_Collected data entries_:
• • • •

(* In the non-symmetric 2-colored operad $\mathbb V^{(d)}$ described below, the rewriting system $$m_{ss}(m_{ss}(x_1,x_2),x_3)\to m_{ss}(x_1,m_{ss}(x_2,x_3)),\quad m_{ts}(m_{ts}(x_1,x_2),x_3)\to m_{ts}(x_1,m_{ss}(x_2,x_3)),$$ $$m_{ts}(m_{st}(x_1,x_2),x_3)\to m_{st}(x_1,m_{ts}(x_2,x_3)),\quad m_{st}(m_{ss}(x_1,x_2),x_3)\to m_{st}(x_1,m_{st}(x_2,x_3)),$$ $$u(m_{ts}(x_1,x_2))\to m_{ss}(u(x_1),x_2),\quad u(m_{st}(x_1,x_2))\to m_{ss}(x_1,u(x_2))$$ is convergent (terminating and confluent).
   Context: Colors: straight $s$ and dotted $t$. $\mathbb V^{(d)}$ is the non-symmetric 2-colored operad generated by three binary operations of degree $0$: $m_{ss}$ (inputs $s,s$; output $s$), $m_{ts}$ (inputs $t,s$; output $t$), $m_{st}$ (inputs $s,t$; output $t$), and a unary operation $u$ of degree $d$ (input $t$; output $s$), subject to the six relations obtained by replacing each arrow above by an equality. A rewriting system for a non-symmetric operad consists of rules $\tau\to f$ ($\tau$ a planar tree monomial), reducing monomials by replacing a divisor $\tau$ with $f$; it is terminating if there is no infinite chain of reductions and confluent if every ambiguity (two leading monomials overlapping in a common vertex) yields an S-polynomial that reduces to zero. *)

theory Defs
  imports Main
begin

datatype colour = S | T

text \<open>Planar tree monomials of the free non-symmetric 2-coloured operad generated by
  m_ss, m_ts, m_st (binary) and u (unary, of degree d).  Leaves are the inputs,
  labelled by their colour; in the non-symmetric setting the leaves are numbered
  left to right, so the label is implicit in the planar position.
  (The degree d of u only affects signs/grading and plays no role in rewriting.)\<close>
datatype tm = Leaf colour | Mss tm tm | Mts tm tm | Mst tm tm | U tm

fun outcol :: "tm \<Rightarrow> colour option" where
  "outcol (Leaf c) = Some c"
| "outcol (Mss a b) = (if outcol a = Some S \<and> outcol b = Some S then Some S else None)"
| "outcol (Mts a b) = (if outcol a = Some T \<and> outcol b = Some S then Some T else None)"
| "outcol (Mst a b) = (if outcol a = Some S \<and> outcol b = Some T then Some T else None)"
| "outcol (U a) = (if outcol a = Some T then Some S else None)"

definition wellcol :: "tm \<Rightarrow> bool" where
  "wellcol x \<longleftrightarrow> outcol x \<noteq> None"

inductive rule :: "tm \<Rightarrow> tm \<Rightarrow> bool" where
  r1: "rule (Mss (Mss x1 x2) x3) (Mss x1 (Mss x2 x3))"
| r2: "rule (Mts (Mts x1 x2) x3) (Mts x1 (Mss x2 x3))"
| r3: "rule (Mts (Mst x1 x2) x3) (Mst x1 (Mts x2 x3))"
| r4: "rule (Mst (Mss x1 x2) x3) (Mst x1 (Mst x2 x3))"
| r5: "rule (U (Mts x1 x2)) (Mss (U x1) x2)"
| r6: "rule (U (Mst x1 x2)) (Mss x1 (U x2))"

inductive rstep :: "tm \<Rightarrow> tm \<Rightarrow> bool" where
  base: "rule a b \<Longrightarrow> rstep a b"
| mss1: "rstep a a' \<Longrightarrow> rstep (Mss a b) (Mss a' b)"
| mss2: "rstep b b' \<Longrightarrow> rstep (Mss a b) (Mss a b')"
| mts1: "rstep a a' \<Longrightarrow> rstep (Mts a b) (Mts a' b)"
| mts2: "rstep b b' \<Longrightarrow> rstep (Mts a b) (Mts a b')"
| mst1: "rstep a a' \<Longrightarrow> rstep (Mst a b) (Mst a' b)"
| mst2: "rstep b b' \<Longrightarrow> rstep (Mst a b) (Mst a b')"
| u1: "rstep a a' \<Longrightarrow> rstep (U a) (U a')"

definition Red :: "(tm \<times> tm) set" where
  "Red = {(x, y). wellcol x \<and> rstep x y}"

definition terminating :: "(tm \<times> tm) set \<Rightarrow> bool" where
  "terminating R \<longleftrightarrow> wf (R\<inverse>)"

definition confluent :: "(tm \<times> tm) set \<Rightarrow> bool" where
  "confluent R \<longleftrightarrow> (\<forall>a b c. (a, b) \<in> R\<^sup>* \<and> (a, c) \<in> R\<^sup>* \<longrightarrow>
      (\<exists>d. (b, d) \<in> R\<^sup>* \<and> (c, d) \<in> R\<^sup>*))"

end

(*
  Termination: give leaves weight 0, a binary vertex weight 2 w(left) + w(right) + 1 and
  u(x) weight 3 w(x).  Every rule lowers the weight at its root, and the weight is strictly
  monotone in each argument, so every reduction step lowers it.

  Confluence: by Newman's lemma it suffices to join one-step forks.  The rules are
  left-linear, so a step inside a variable of a redex commutes with the rule step; the
  remaining forks are the eight overlaps of two left-hand sides, whose S-polynomials reduce
  to zero in at most two steps on each side.  Reduction preserves the output colour, so
  restricting to well-coloured monomials keeps confluence.
*)

theory Submission
  imports Defs "HOL-Library.Confluence"
begin

lemma newman:
  assumes terminating: "wfp r\<inverse>\<inverse>"
    and local_confluence: "\<And>a b c. r a b \<Longrightarrow> r a c \<Longrightarrow> \<exists>d. r\<^sup>*\<^sup>* b d \<and> r\<^sup>*\<^sup>* c d"
  shows "confluentp r"
proof (rule confluentpI)
  show "\<exists>d. r\<^sup>*\<^sup>* b d \<and> r\<^sup>*\<^sup>* c d" if "r\<^sup>*\<^sup>* a b" "r\<^sup>*\<^sup>* a c" for a b c
    using terminating that
  proof (induction arbitrary: b c rule: wfp_induct_rule)
    case (less a)
    show ?case
    proof (cases "a = b \<or> a = c")
      case True
      then show ?thesis using less.prems by blast
    next
      case False
      then obtain b1 c1 where "r a b1" "r\<^sup>*\<^sup>* b1 b" "r a c1" "r\<^sup>*\<^sup>* c1 c"
        using less.prems by (metis converse_rtranclpE)
      moreover obtain d where "r\<^sup>*\<^sup>* b1 d" "r\<^sup>*\<^sup>* c1 d"
        using local_confluence \<open>r a b1\<close> \<open>r a c1\<close> by blast
      ultimately obtain e where "r\<^sup>*\<^sup>* b e" "r\<^sup>*\<^sup>* d e"
        using less.IH[of b1] by blast
      moreover obtain f where "r\<^sup>*\<^sup>* c f" "r\<^sup>*\<^sup>* e f"
        using less.IH[of c1] \<open>r a c1\<close> \<open>r\<^sup>*\<^sup>* c1 c\<close> \<open>r\<^sup>*\<^sup>* c1 d\<close> \<open>r\<^sup>*\<^sup>* d e\<close>
        by (meson conversepI rtranclp_trans)
      ultimately show ?thesis by (meson rtranclp_trans)
    qed
  qed
qed

lemma rtranclp_map:
  assumes "\<And>x y. r x y \<Longrightarrow> s (f x) (f y)" and "r\<^sup>*\<^sup>* x y"
  shows "s\<^sup>*\<^sup>* (f x) (f y)"
  using assms(2) by induction (auto intro: assms(1) rtranclp.rtrancl_into_rtrancl)

lemma confluent_restrict_to_invariant:
  assumes "confluentp r" and preserved: "\<And>x y. r x y \<Longrightarrow> P x \<Longrightarrow> P y"
  shows "confluent {(x, y). P x \<and> r x y}" (is "confluent ?R")
proof -
  have steps: "a = b \<or> P a \<and> r\<^sup>*\<^sup>* a b" if "(a, b) \<in> ?R\<^sup>*" for a b
    using that by induction (auto intro: rtranclp.rtrancl_into_rtrancl)
  have restricted: "P b \<and> (a, b) \<in> ?R\<^sup>*" if "r\<^sup>*\<^sup>* a b" "P a" for a b
    using that
  proof induction
    case (step y z)
    then have "(y, z) \<in> ?R" by simp
    with step show ?case by (meson preserved rtrancl.rtrancl_into_rtrancl)
  qed simp
  show ?thesis
    unfolding confluent_def
  proof (intro allI impI, elim conjE)
    fix a b c
    assume "(a, b) \<in> ?R\<^sup>*" "(a, c) \<in> ?R\<^sup>*"
    then consider "b = a" "c = a" | "P a" "r\<^sup>*\<^sup>* a b" "r\<^sup>*\<^sup>* a c"
      using steps by blast
    then show "\<exists>d. (b, d) \<in> ?R\<^sup>* \<and> (c, d) \<in> ?R\<^sup>*"
    proof cases
      case 2
      then obtain d where "r\<^sup>*\<^sup>* b d" "r\<^sup>*\<^sup>* c d"
        using confluentpD[OF assms(1)] by blast
      moreover from 2 have "P b" "P c"
        using restricted by blast+
      ultimately show ?thesis
        using restricted by blast
    qed auto
  qed
qed

fun weight :: "tm \<Rightarrow> nat" where
  "weight (Leaf c) = 0"
| "weight (Mss a b) = 2 * weight a + weight b + 1"
| "weight (Mts a b) = 2 * weight a + weight b + 1"
| "weight (Mst a b) = 2 * weight a + weight b + 1"
| "weight (U a) = 3 * weight a"

lemma rstep_weight_less: "rstep a b \<Longrightarrow> weight b < weight a"
  by (induction rule: rstep.induct) (auto elim: rule.cases)

lemma rstep_outcol: "rstep a b \<Longrightarrow> outcol b = outcol a"
proof (induction rule: rstep.induct)
  case (base a b)
  then show ?case by (induction rule: rule.induct) auto
qed auto

lemmas rsteps_Mss1 = rtranclp_map[of rstep rstep "\<lambda>x. Mss x b" for b, OF rstep.mss1]
lemmas rsteps_Mss2 = rtranclp_map[of rstep rstep "Mss a" for a, OF rstep.mss2]
lemmas rsteps_Mts1 = rtranclp_map[of rstep rstep "\<lambda>x. Mts x b" for b, OF rstep.mts1]
lemmas rsteps_Mts2 = rtranclp_map[of rstep rstep "Mts a" for a, OF rstep.mts2]
lemmas rsteps_Mst1 = rtranclp_map[of rstep rstep "\<lambda>x. Mst x b" for b, OF rstep.mst1]
lemmas rsteps_Mst2 = rtranclp_map[of rstep rstep "Mst a" for a, OF rstep.mst2]
lemmas rsteps_U = rtranclp_map[of rstep rstep U, OF rstep.u1]

text \<open>Each line is a critical pair: the two one-step reducts of a monomial in which two
  left-hand sides overlap in a common vertex.\<close>
lemma critical_pairs_joinable:
  "\<exists>d. rstep\<^sup>*\<^sup>* (Mss (Mss x1 x2) (Mss x3 x4)) d \<and> rstep\<^sup>*\<^sup>* (Mss (Mss x1 (Mss x2 x3)) x4) d"
  "\<exists>d. rstep\<^sup>*\<^sup>* (Mts (Mts x1 x2) (Mss x3 x4)) d \<and> rstep\<^sup>*\<^sup>* (Mts (Mts x1 (Mss x2 x3)) x4) d"
  "\<exists>d. rstep\<^sup>*\<^sup>* (Mts (Mst x1 x2) (Mss x3 x4)) d \<and> rstep\<^sup>*\<^sup>* (Mts (Mst x1 (Mts x2 x3)) x4) d"
  "\<exists>d. rstep\<^sup>*\<^sup>* (Mst (Mss x1 x2) (Mts x3 x4)) d \<and> rstep\<^sup>*\<^sup>* (Mts (Mst x1 (Mst x2 x3)) x4) d"
  "\<exists>d. rstep\<^sup>*\<^sup>* (Mst (Mss x1 x2) (Mst x3 x4)) d \<and> rstep\<^sup>*\<^sup>* (Mst (Mss x1 (Mss x2 x3)) x4) d"
  "\<exists>d. rstep\<^sup>*\<^sup>* (Mss (U (Mts x1 x2)) x3) d \<and> rstep\<^sup>*\<^sup>* (U (Mts x1 (Mss x2 x3))) d"
  "\<exists>d. rstep\<^sup>*\<^sup>* (Mss (U (Mst x1 x2)) x3) d \<and> rstep\<^sup>*\<^sup>* (U (Mst x1 (Mts x2 x3))) d"
  "\<exists>d. rstep\<^sup>*\<^sup>* (Mss (Mss x1 x2) (U x3)) d \<and> rstep\<^sup>*\<^sup>* (U (Mst x1 (Mst x2 x3))) d"
  by (meson rstep.intros rule.intros r_into_rtranclp converse_rtranclp_into_rtranclp)+

inductive_cases rstep_MssE: "rstep (Mss a b) c"
inductive_cases rstep_MtsE: "rstep (Mts a b) c"
inductive_cases rstep_MstE: "rstep (Mst a b) c"
inductive_cases rstep_UE: "rstep (U a) c"
inductive_cases rule_MssE: "rule (Mss a b) c"
inductive_cases rule_MtsE: "rule (Mts a b) c"
inductive_cases rule_MstE: "rule (Mst a b) c"
inductive_cases rule_UE: "rule (U a) c"

lemma rule_rstep_joinable: "rule a b \<Longrightarrow> rstep a c \<Longrightarrow> \<exists>d. rstep\<^sup>*\<^sup>* b d \<and> rstep\<^sup>*\<^sup>* c d"
  by (induction rule: rule.induct;
      auto elim!: rstep_MssE rstep_MtsE rstep_MstE rstep_UE rule_MssE rule_MtsE rule_MstE rule_UE;
      meson critical_pairs_joinable rstep.intros rule.intros r_into_rtranclp)

lemma rstep_locally_confluent: "rstep a b \<Longrightarrow> rstep a c \<Longrightarrow> \<exists>d. rstep\<^sup>*\<^sup>* b d \<and> rstep\<^sup>*\<^sup>* c d"
proof (induction arbitrary: c rule: rstep.induct)
  case (base a b)
  then show ?case using rule_rstep_joinable by blast
next
  case (mss1 a a' b)
  from mss1.prems show ?case
    by cases (meson mss1 rule_rstep_joinable rstep.mss1 rstep.mss2 rsteps_Mss1 r_into_rtranclp)+
next
  case (mss2 b b' a)
  from mss2.prems show ?case
    by cases (meson mss2 rule_rstep_joinable rstep.mss1 rstep.mss2 rsteps_Mss2 r_into_rtranclp)+
next
  case (mts1 a a' b)
  from mts1.prems show ?case
    by cases (meson mts1 rule_rstep_joinable rstep.mts1 rstep.mts2 rsteps_Mts1 r_into_rtranclp)+
next
  case (mts2 b b' a)
  from mts2.prems show ?case
    by cases (meson mts2 rule_rstep_joinable rstep.mts1 rstep.mts2 rsteps_Mts2 r_into_rtranclp)+
next
  case (mst1 a a' b)
  from mst1.prems show ?case
    by cases (meson mst1 rule_rstep_joinable rstep.mst1 rstep.mst2 rsteps_Mst1 r_into_rtranclp)+
next
  case (mst2 b b' a)
  from mst2.prems show ?case
    by cases (meson mst2 rule_rstep_joinable rstep.mst1 rstep.mst2 rsteps_Mst2 r_into_rtranclp)+
next
  case (u1 a a')
  from u1.prems show ?case
    by cases (meson u1 rule_rstep_joinable rstep.u1 rsteps_U r_into_rtranclp)+
qed

theorem theorem4p11:
  shows "terminating Red \<and> confluent Red"
proof
  have "Red\<inverse> \<subseteq> measure weight"
    by (auto simp: Red_def dest: rstep_weight_less)
  then show "terminating Red"
    unfolding terminating_def using wf_subset by blast
  have "wfp rstep\<inverse>\<inverse>"
    by (rule wfp_if_convertible_to_nat[where f = weight]) (simp add: rstep_weight_less)
  then have "confluentp rstep"
    using rstep_locally_confluent by (rule newman)
  then show "confluent Red"
    unfolding Red_def wellcol_def
    by (rule confluent_restrict_to_invariant) (simp add: rstep_outcol)
qed

end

• • • •

_What this task involves_: Send back an exact copy of only the lines from the line with "using terminating that" up to and including the line with "moreover obtain f" in the data above.

_Reply_:
    using terminating that
  proof (induction arbitrary: b c rule: wfp_induct_rule)
    case (less a)
    show ?case
    proof (cases "a = b \<or> a = c")
      case True
      then show ?thesis using less.prems by blast
    next
      case False
      then obtain b1 c1 where "r a b1" "r\<^sup>*\<^sup>* b1 b" "r a c1" "r\<^sup>*\<^sup>* c1 c"
        using less.prems by (metis converse_rtranclpE)
      moreover obtain d where "r\<^sup>*\<^sup>* b1 d" "r\<^sup>*\<^sup>* c1 d"
        using local_confluence \<open>r a b1\<close> \<open>r a c1\<close> by blast
      ultimately obtain e where "r\<^sup>*\<^sup>* b e" "r\<^sup>*\<^sup>* d e"
        using less.IH[of b1] by blast
      moreover obtain f where "r\<^sup>*\<^sup>* c f" "r\<^sup>*\<^sup>* e f"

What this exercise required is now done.